Bis dahin waren nur noch 4 von 16 Balken zu sehen. An der Tanke angekommen, stand natürlich ein Verbrenner vor der Ladesäule. Das war aber kein Problem, der Mitsi passte noch prima zwischen das andere Auto und die Ausfahrt. Das Kabel der Ladesäule war gerade lang genug.

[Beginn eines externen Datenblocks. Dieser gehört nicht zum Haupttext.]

abbreviation star (infixl "\<star>" 70) where
  "a \<star> b \<equiv> star_prod m D \<alpha> \<beta> \<psi> \<omega> a b"

lemma star_smap:
  "a \<star> b = sum_pairs (\<lambda>x y. m (smap 1 2 1 0 x) (m (smap 1 0 0 0 a) (smap 2 0 0 1 y))) (D b)"
  by (simp add: star_prod_def sum_pairs_def generators_eq_smap)

lemma smap_star: "smap i j k l (a \<star> b) = smap i j k l a \<star> smap i j k l b"
  by (simp add: star_smap sum_pairs_D_smap add.commute)

lemma bilin_map_star: "bilin_map scale (\<star>)"
  by (simp add: star_smap)

lemma assoc_five_right:
  "m (m p (m q s)) (m (smap 0 2 0 0 t) (smap 0 2 0 0 w)) =
   m (smap 1 0 0 0 p) (m (smap 1 0 0 0 q) (m s (m t w)))"
proof -
  have "m (m p (m q s)) (m (smap 0 2 0 0 t) (smap 0 2 0 0 w)) =
      m (m p (m q s)) (smap 0 1 0 0 (smap 0 1 0 0 (m t w)))"
    by simp
  also have "\<dots> = m (smap 1 0 0 0 p) (m (m q s) (smap 0 1 0 0 (m t w)))"
    by (rule associative[symmetric])
  also have "\<dots> = m (smap 1 0 0 0 p) (m (smap 1 0 0 0 q) (m s (m t w)))"
    by (simp only: associative)
  finally show ?thesis .
qed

Der Chademo Stecker ist in der Tat etwas unhandlich. Man muss ihn, bei geöffnetem Hebel, kräftig in die Buchse drücken und dann den Hebel komplett anziehen, bis er eingerastet ist und die Kontaktierung steht. Nach ein paar Mal tatschen auf den Tatschscreen erschien dann der Preis: "10 Min 3 Euro, 20 Min 6 Euro, 30 Min 9 Euro". Ich dachte mir: "Was solls, erste Schnelladung, 30 Minuten wir er sicher brauchen, das kann man mal investieren". Wobei ich den Preis ziemlich hoch empfand. Beim Touch auf "30 Minuten" erschien dann sowas wie "Der Betrag wurde bereits bezahlt" und schon brummte die Ladestation und der Mitsi los. Die Lüftung im Auto lief auch direkt auf Vollgas mit, anscheinend um den Akku zu kühlen, denn aus der Lüftung kam nichts raus. Während der Ladezeit ließ sich das Auto jederzeit öffnen, betreten und auch wieder abschließen. Ich schreibe das dazu, weil die Ladesäule vorschreibt, das Auto anzuschließen und zu verriegeln.

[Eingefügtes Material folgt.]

text \<open>On the vacuum every site is in state \<open>e\<^sub>1\<close>, so only columns 1, 4, 7 of \<open>R\<close> occur.
  Columns 1 and 4 carry the factor \<open>x - \<zeta>\<close>; \<open>Rquot\<close> is the cofactor.\<close>

definition Rquot :: "complex \<Rightarrow> nat \<Rightarrow> nat \<Rightarrow> complex poly" where
  "Rquot q r s =
    (if (r, s) = (1, 1) then [:- (q^2), 1:]
     else if (r, s) = (2, 4) then [:1 - q^2:]
     else if (r, s) = (4, 4) then [:- q, q:]
     else 0)"

lemma R9x_eq_Rquot: "s \<in> {1, 4} \<Longrightarrow> R9x q sq z x r s = (x - z) * poly (Rquot q r s) x"
  by (elim insertE emptyE)
    (simp_all add: R9x_def Rquot_def wa_def wb_def wc_def right_diff_distrib ac_simps)

lemma R9x_lower_rows_vac_columns: "r \<in> {7, 8, 9} \<Longrightarrow> s \<in> {1, 4} \<Longrightarrow> R9x q sq z x r s = 0"
  by (elim insertE emptyE) (simp_all add: R9x_def)

lemma Rquot_lower_rows: "r \<in> {7, 8, 9} \<Longrightarrow> Rquot q r s = 0"
  by (elim insertE emptyE) (simp_all add: Rquot_def)

lemma degree_Rquot: "degree (Rquot q r s) \<le> 1"
  unfolding Rquot_def by simp

lemma degree_Rquot_climbing:
  assumes "\<alpha> \<in> {1,2,3}" "\<gamma> \<in> {1,2,3}" "i' \<in> {1,2,3}" "\<alpha> < \<gamma>"
  shows "degree (Rquot q (3 * (\<alpha> - 1) + i') (3 * (\<gamma> - 1) + 1)) = 0"
  using assms unfolding Rquot_def by auto

text \<open>Leaving 3 downwards uses an entry in rows 7--9 and column 1 or 4, which vanishes.\<close>

lemma prod_R9x_vac_path:
  assumes a: "a \<in> paths L 1 2" and c': "c' \<in> cfgs L"
  shows "(\<Prod>j<L. R9x q sq z (X j) (3 * (a ! j - 1) + c' ! j) (3 * (a ! Suc j - 1) + 1))
     = (\<Prod>j<L. X j - z) *
       (\<Prod>j<L. poly (Rquot q (3 * (a ! j - 1) + c' ! j) (3 * (a ! Suc j - 1) + 1)) (X j))"
    (is "(\<Prod>j<L. R9x q sq z (X j) (?r j) (?s j)) = _")
proof (cases "\<exists>j<L. a ! Suc j = 3")
  case False
  have "?s j \<in> {1, 4}" if "j < L" for j
    using paths_nth[OF a, of "Suc j"] False that by auto
  then show ?thesis
    by (simp add: R9x_eq_Rquot flip: prod.distrib)
next
  case True
  then obtain j where j: "j < L" "a ! Suc j = 3" by blast
  moreover have "a ! L \<noteq> 3" using a by (simp add: paths_def)
  ultimately obtain m where m: "m < L" "a ! m = 3" "a ! Suc m \<noteq> 3"
    by (metis Suc_leI leaving_step)
  have "?r m \<in> {7, 8, 9}"
    using m cfgs_nth[OF c' m(1)] by auto
  moreover have "?s m \<in> {1, 4}"
    using paths_nth[OF a, of "Suc m"] m by auto
  ultimately have "R9x q sq z (X m) (?r m) (?s m) = 0" "poly (Rquot q (?r m) (?s m)) (X m) = 0"
    by (simp_all add: R9x_lower_rows_vac_columns Rquot_lower_rows)
  then show ?thesis
    using m(1) by (metis (no_types, lifting) finite_lessThan lessThan_iff mult_zero_right prod_zero_iff)
qed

Wir gingen dann erst mal einen Kaffee trinken, die Tankstelle soll ja auch was davon haben. Auf Nachfrage wurde bestätigt, dass die Ladung tatsächlich kostenlos ist und dass das auch so bleiben wird, solange die Stromkosten nicht exorbitant hoch werden. Die Mitarbeiter sind sehr freundlich und wir konnten in der lauen Sommernacht schön draussen sitzen, eine rauchen, den Kaffee geniessen und dem Mitsi beim Laden zusehen. Natürlich weit genug weg von den herkömmlichen Zapfsäulen :D . Es gibt dort auch drinnen eine Gastronomie, man kann sich also im Winter auch gemütlich aufwärmen. Nach knapp 20 Minuten hörte dann plötzlich das Rauschen auf, was mich sehr wunderte. Etwas erschreckt sah ich eine Pfütze unter dem Auto und die Ladesäule meldete "Der Ladevorgang wurde unerwartet unterbrochen".

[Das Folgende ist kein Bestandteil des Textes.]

(* Let $X$ be a continuous dcpo (with its Scott topology). Then $\mathbb{P}_{\mathsf{AP}}(X)$ (resp. $\mathbb{P}^{\le 1}_{\mathsf{AP}}(X)$), ordered pointwise, is a continuous dcpo, with a basis consisting of the maps $h\mapsto\max_{i=1}^m\sum_{j=1}^{n_i}a_{ij}h(x_{ij})$ with $m\ge1$, $a_{ij}\in\mathbb{R}_+$, $x_{ij}\in X$ (resp., additionally with $\sum_{j=1}^{n_i}a_{ij}\le1$ for every $i$). If $X$ is a pointed continuous dcpo with least element $\bot$, then $\mathbb{P}^1_{\mathsf{AP}}(X)$ is a pointed continuous dcpo, with a basis given by such maps with $\sum_{j=1}^{n_i}a_{ij}=1$ for every $i$, and its least element is $h\mapsto h(\bot)$.
   Context: $\overline{\mathbb{R}}_+=[0,+\infty]$ with the Scott topology. $\mathcal{L}X$: Scott-continuous maps $X\to\overline{\mathbb{R}}_+$ ordered pointwise; $\mathbf 1$ constant map $1$. A Hoare prevision on $X$ is a Scott-continuous map $F:\mathcal{L}X\to\overline{\mathbb{R}}_+$ (for the Scott topology on $\mathcal LX$) that is positively homogeneous ($F(ah)=aF(h)$, $a\in\mathbb{R}_+$) and sublinear ($F(h+h')\le F(h)+F(h')$). It is subnormalized if $F(\mathbf 1+h)\le1+F(h)$ for all $h$, normalized if equality. $\mathbb{P}_{\mathsf{AP}}(X)$, $\mathbb{P}^{\le1}_{\mathsf{AP}}(X)$, $\mathbb{P}^{1}_{\mathsf{AP}}(X)$: all / subnormalized / normalized Hoare previsions, ordered pointwise. A basis of a continuous dcpo $D$ is a subset $B$ such that every element is the directed supremum of the elements of $B$ way-below it. *)

theory Defs
  imports Main "HOL-Library.Extended_Nonnegative_Real"
begin

definition directed_on :: "'a set \<Rightarrow> ('a \<Rightarrow> 'a \<Rightarrow> bool) \<Rightarrow> 'a set \<Rightarrow> bool" where
  "directed_on D le S \<longleftrightarrow> S \<subseteq> D \<and> S \<noteq> {} \<and> (\<forall>x\<in>S. \<forall>y\<in>S. \<exists>z\<in>S. le x z \<and> le y z)"

definition is_lub_on :: "'a set \<Rightarrow> ('a \<Rightarrow> 'a \<Rightarrow> bool) \<Rightarrow> 'a set \<Rightarrow> 'a \<Rightarrow> bool" where
  "is_lub_on D le S u \<longleftrightarrow> u \<in> D \<and> (\<forall>x\<in>S. le x u) \<and> (\<forall>v\<in>D. (\<forall>x\<in>S. le x v) \<longrightarrow> le u v)"

definition partial_order_on_rel :: "'a set \<Rightarrow> ('a \<Rightarrow> 'a \<Rightarrow> bool) \<Rightarrow> bool" where
  "partial_order_on_rel D le \<longleftrightarrow>
     (\<forall>x\<in>D. le x x) \<and>
     (\<forall>x\<in>D. \<forall>y\<in>D. le x y \<and> le y x \<longrightarrow> x = y) \<and>
     (\<forall>x\<in>D. \<forall>y\<in>D. \<forall>z\<in>D. le x y \<and> le y z \<longrightarrow> le x z)"

definition dcpo_on :: "'a set \<Rightarrow> ('a \<Rightarrow> 'a \<Rightarrow> bool) \<Rightarrow> bool" where
  "dcpo_on D le \<longleftrightarrow> partial_order_on_rel D le \<and>
     (\<forall>S. directed_on D le S \<longrightarrow> (\<exists>u. is_lub_on D le S u))"

definition way_below_on :: "'a set \<Rightarrow> ('a \<Rightarrow> 'a \<Rightarrow> bool) \<Rightarrow> 'a \<Rightarrow> 'a \<Rightarrow> bool" where
  "way_below_on D le x y \<longleftrightarrow> x \<in> D \<and> y \<in> D \<and>
     (\<forall>S u. directed_on D le S \<and> is_lub_on D le S u \<and> le y u \<longrightarrow> (\<exists>s\<in>S. le x s))"

definition basis_on :: "'a set \<Rightarrow> ('a \<Rightarrow> 'a \<Rightarrow> bool) \<Rightarrow> 'a set \<Rightarrow> bool" where
  "basis_on D le B \<longleftrightarrow> B \<subseteq> D \<and>
     (\<forall>x\<in>D. directed_on D le {b\<in>B. way_below_on D le b x} \<and>
             is_lub_on D le {b\<in>B. way_below_on D le b x} x)"

definition continuous_dcpo_on :: "'a set \<Rightarrow> ('a \<Rightarrow> 'a \<Rightarrow> bool) \<Rightarrow> bool" where
  "continuous_dcpo_on D le \<longleftrightarrow> dcpo_on D le \<and> basis_on D le D"

text \<open>Scott-continuous maps from a dcpo into [0,\<infinity>] (= ennreal): monotone maps preserving
  suprema of directed sets (equivalently, continuous for the Scott topologies).\<close>
definition scott_cont_on :: "'a set \<Rightarrow> ('a \<Rightarrow> 'a \<Rightarrow> bool) \<Rightarrow> ('a \<Rightarrow> ennreal) \<Rightarrow> bool" where
  "scott_cont_on D le f \<longleftrightarrow>
     (\<forall>x\<in>D. \<forall>y\<in>D. le x y \<longrightarrow> f x \<le> f y) \<and>
     (\<forall>S u. directed_on D le S \<and> is_lub_on D le S u \<longrightarrow> f u = (SUP s\<in>S. f s))"

definition LX :: "('a::order \<Rightarrow> ennreal) set" where
  "LX = {h. scott_cont_on UNIV (\<le>) h}"

text \<open>Previsions are functions on all of 'a => ennreal; we make them extensional
  (value 0 outside LX) so that the pointwise order on LX is antisymmetric.\<close>
definition hoare_prev :: "(('a::order \<Rightarrow> ennreal) \<Rightarrow> ennreal) set" where
  "hoare_prev = {F.
     scott_cont_on LX (\<le>) F \<and>
     (\<forall>h\<in>LX. \<forall>a::ennreal. a \<noteq> \<infinity> \<longrightarrow> F (\<lambda>x. a * h x) = a * F h) \<and>
     (\<forall>h\<in>LX. \<forall>h'\<in>LX. F (\<lambda>x. h x + h' x) \<le> F h + F h') \<and>
     (\<forall>h. h \<notin> LX \<longrightarrow> F h = 0)}"

definition hoare_prev_sub :: "(('a::order \<Rightarrow> ennreal) \<Rightarrow> ennreal) set" where
  "hoare_prev_sub = {F \<in> hoare_prev. \<forall>h\<in>LX. F (\<lambda>x. 1 + h x) \<le> 1 + F h}"

definition hoare_prev_norm :: "(('a::order \<Rightarrow> ennreal) \<Rightarrow> ennreal) set" where
  "hoare_prev_norm = {F \<in> hoare_prev. \<forall>h\<in>LX. F (\<lambda>x. 1 + h x) = 1 + F h}"

definition prev_le :: "(('a::order \<Rightarrow> ennreal) \<Rightarrow> ennreal) \<Rightarrow> (('a \<Rightarrow> ennreal) \<Rightarrow> ennreal) \<Rightarrow> bool" where
  "prev_le F G \<longleftrightarrow> (\<forall>h\<in>LX. F h \<le> G h)"

text \<open>The map h \<mapsto> max_i sum_j a_ij h(x_ij); row i is the list of pairs (a_ij, x_ij).\<close>
definition simple_hoare :: "(ennreal \<times> 'a::order) list list \<Rightarrow> ('a \<Rightarrow> ennreal) \<Rightarrow> ennreal" where
  "simple_hoare rows = (\<lambda>h. if h \<in> LX
      then Max (set (map (\<lambda>row. \<Sum>(a, x)\<leftarrow>row. a * h x) rows)) else 0)"

definition finite_coeffs :: "(ennreal \<times> 'a) list list \<Rightarrow> bool" where
  "finite_coeffs rows \<longleftrightarrow> rows \<noteq> [] \<and> (\<forall>row\<in>set rows. \<forall>(a, x)\<in>set row. a \<noteq> \<infinity>)"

Jetzt erst mal fix den Ladestecker ab und nachsehen. Das war aber gar nicht so einfach. Man muss wohl den Knopf am Chademo Stecker zum entriegeln drücken und gleichzeitig den Hebel wieder gaaaanz nach unten drücken, um die Kontakte einzufahren. Erst dann ließ sich der Chademo Stecker mit einem kräftigen Ruck wieder herausziehen. Da muss man erst mal drauf kommen. Schnell das Auto gecheckt: Zündschlüssel rum und sofort ging die "Ready" Leuchte an. 14 von 16 Balken, Erleichterung. Das Wasser war anscheinend auch harmlos und scheint von der Klimaanlage zu kommen, die wohl auch zum Akku kühlen verwendet wird. Das Auto hatte wohl den Ladevorgang abgebrochen und die Ladesäule hat den Mitsi irgendwie nicht richtig verstanden.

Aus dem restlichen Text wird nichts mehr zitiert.